Saved entries:

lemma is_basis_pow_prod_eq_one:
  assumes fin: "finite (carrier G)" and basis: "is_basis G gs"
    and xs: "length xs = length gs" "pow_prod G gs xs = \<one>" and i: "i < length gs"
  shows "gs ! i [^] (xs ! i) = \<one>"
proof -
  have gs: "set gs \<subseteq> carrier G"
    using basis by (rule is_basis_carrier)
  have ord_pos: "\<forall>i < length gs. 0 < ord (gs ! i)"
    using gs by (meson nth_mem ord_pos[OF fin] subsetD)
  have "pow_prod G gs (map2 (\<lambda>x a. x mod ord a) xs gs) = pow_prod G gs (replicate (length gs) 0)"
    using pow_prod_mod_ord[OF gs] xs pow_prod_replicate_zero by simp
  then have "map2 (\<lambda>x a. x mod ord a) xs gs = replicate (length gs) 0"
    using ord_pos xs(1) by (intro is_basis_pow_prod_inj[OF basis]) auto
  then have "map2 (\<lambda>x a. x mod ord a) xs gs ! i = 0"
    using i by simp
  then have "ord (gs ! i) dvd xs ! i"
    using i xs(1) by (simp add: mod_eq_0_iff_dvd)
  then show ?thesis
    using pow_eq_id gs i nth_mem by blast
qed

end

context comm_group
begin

## Exercise description
Retype each line above exactly as written.

## Written reply
lemma is_basis_pow_prod_eq_one:
  assumes fin: "finite (carrier G)" and basis: "is_basis G gs"
    and xs: "length xs = length gs" "pow_prod G gs xs = \<one>" and i: "i < length gs"
  shows "gs ! i [^] (xs ! i) = \<one>"
proof -
  have gs: "set gs \<subseteq> carrier G"
    using basis by (rule is_basis_carrier)
  have ord_pos: "\<forall>i < length gs. 0 < ord (gs ! i)"
    using gs by (meson nth_mem ord_pos[OF fin] subsetD)
  have "pow_prod G gs (map2 (\<lambda>x a. x mod ord a) xs gs) = pow_prod G gs (replicate (length gs) 0)"
    using pow_prod_mod_ord[OF gs] xs pow_prod_replicate_zero by simp
  then have "map2 (\<lambda>x a. x mod ord a) xs gs = replicate (length gs) 0"
    using ord_pos xs(1) by (intro is_basis_pow_prod_inj[OF basis]) auto
  then have "map2 (\<lambda>x a. x mod ord a) xs gs ! i = 0"
    using i by simp
  then have "ord (gs ! i) dvd xs ! i"
    using i xs(1) by (simp add: mod_eq_0_iff_dvd)
  then show ?thesis
    using pow_eq_id gs i nth_mem by blast
qed

end

context comm_group
begin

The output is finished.